Search the records for the word "simp" and pick out every line that has it.

### DATA
=== Begin Enclosure ===

lemma logistic_rate_gompertz:
  assumes "0 < \<Gamma>" "0 < K"
  shows "logistic_rate (\<lambda>m. \<Gamma> * (1 - (1 / K) * ln m)) (exp K)"
    (is "logistic_rate ?\<phi> _")
proof -
  have "0 < ?\<phi> m" if "0 < m" "m < exp K" for m
    using ln_less_cancel_iff[of m "exp K"] that assms by (simp add: field_simps)
  moreover have "?\<phi> m < 0" if "exp K < m" for m
    using ln_less_cancel_iff[of "exp K" m] that assms exp_gt_zero[of K]
    by (simp add: field_simps mult_pos_neg)
  moreover have "continuous_on {0<..} ?\<phi>" by (intro continuous_intros) auto
  ultimately show ?thesis by (simp add: logistic_rate_def)
qed

lemma sum_vec_pos:
  fixes x :: "real^'n"
  assumes "\<forall>i. 0 \<le> x $ i" "x \<noteq> 0"
  shows "0 < (\<Sum>i\<in>UNIV. x $ i)"
proof -
  obtain k where "x $ k \<noteq> 0" using \<open>x \<noteq> 0\<close> by (auto simp: vec_eq_iff)
  then show ?thesis using assms(1) by (intro sum_pos2[of UNIV k]) (auto simp: order_le_less)
qed

lemma total_mass_has_derivative:
  fixes B :: "real^'n^'n"
  assumes diag: "\<forall>i. B $ i $ i = 0"
    and der: "(X has_vector_derivative r *\<^sub>R X t + flow_matrix B *v X t) F"
  shows "((\<lambda>s. \<Sum>i\<in>UNIV. X s $ i) has_real_derivative r * (\<Sum>i\<in>UNIV. X t $ i)) F"
proof -
  have "((\<lambda>s. \<Sum>i\<in>UNIV. X s $ i) has_real_derivative
      (\<Sum>i\<in>UNIV. (r *\<^sub>R X t + flow_matrix B *v X t) $ i)) F"
    by (intro DERIV_sum has_real_derivative_vec_nth[OF der])
  then show ?thesis
    by (simp add: sum.distrib sum_flow_matrix_mult[OF diag] sum_distrib_left)
qed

=== End Enclosure ===

### REPLY
    using ln_less_cancel_iff[of m "exp K"] that assms by (simp add: field_simps)
    by (simp add: field_simps mult_pos_neg)
  ultimately show ?thesis by (simp add: logistic_rate_def)
  obtain k where "x $ k \<noteq> 0" using \<open>x \<noteq> 0\<close> by (auto simp: vec_eq_iff)
  then show ?thesis using assms(1) by (intro sum_pos2[of UNIV k]) (auto simp: order_le_less)
    by (simp add: sum.distrib sum_flow_matrix_mult[OF diag] sum_distrib_left)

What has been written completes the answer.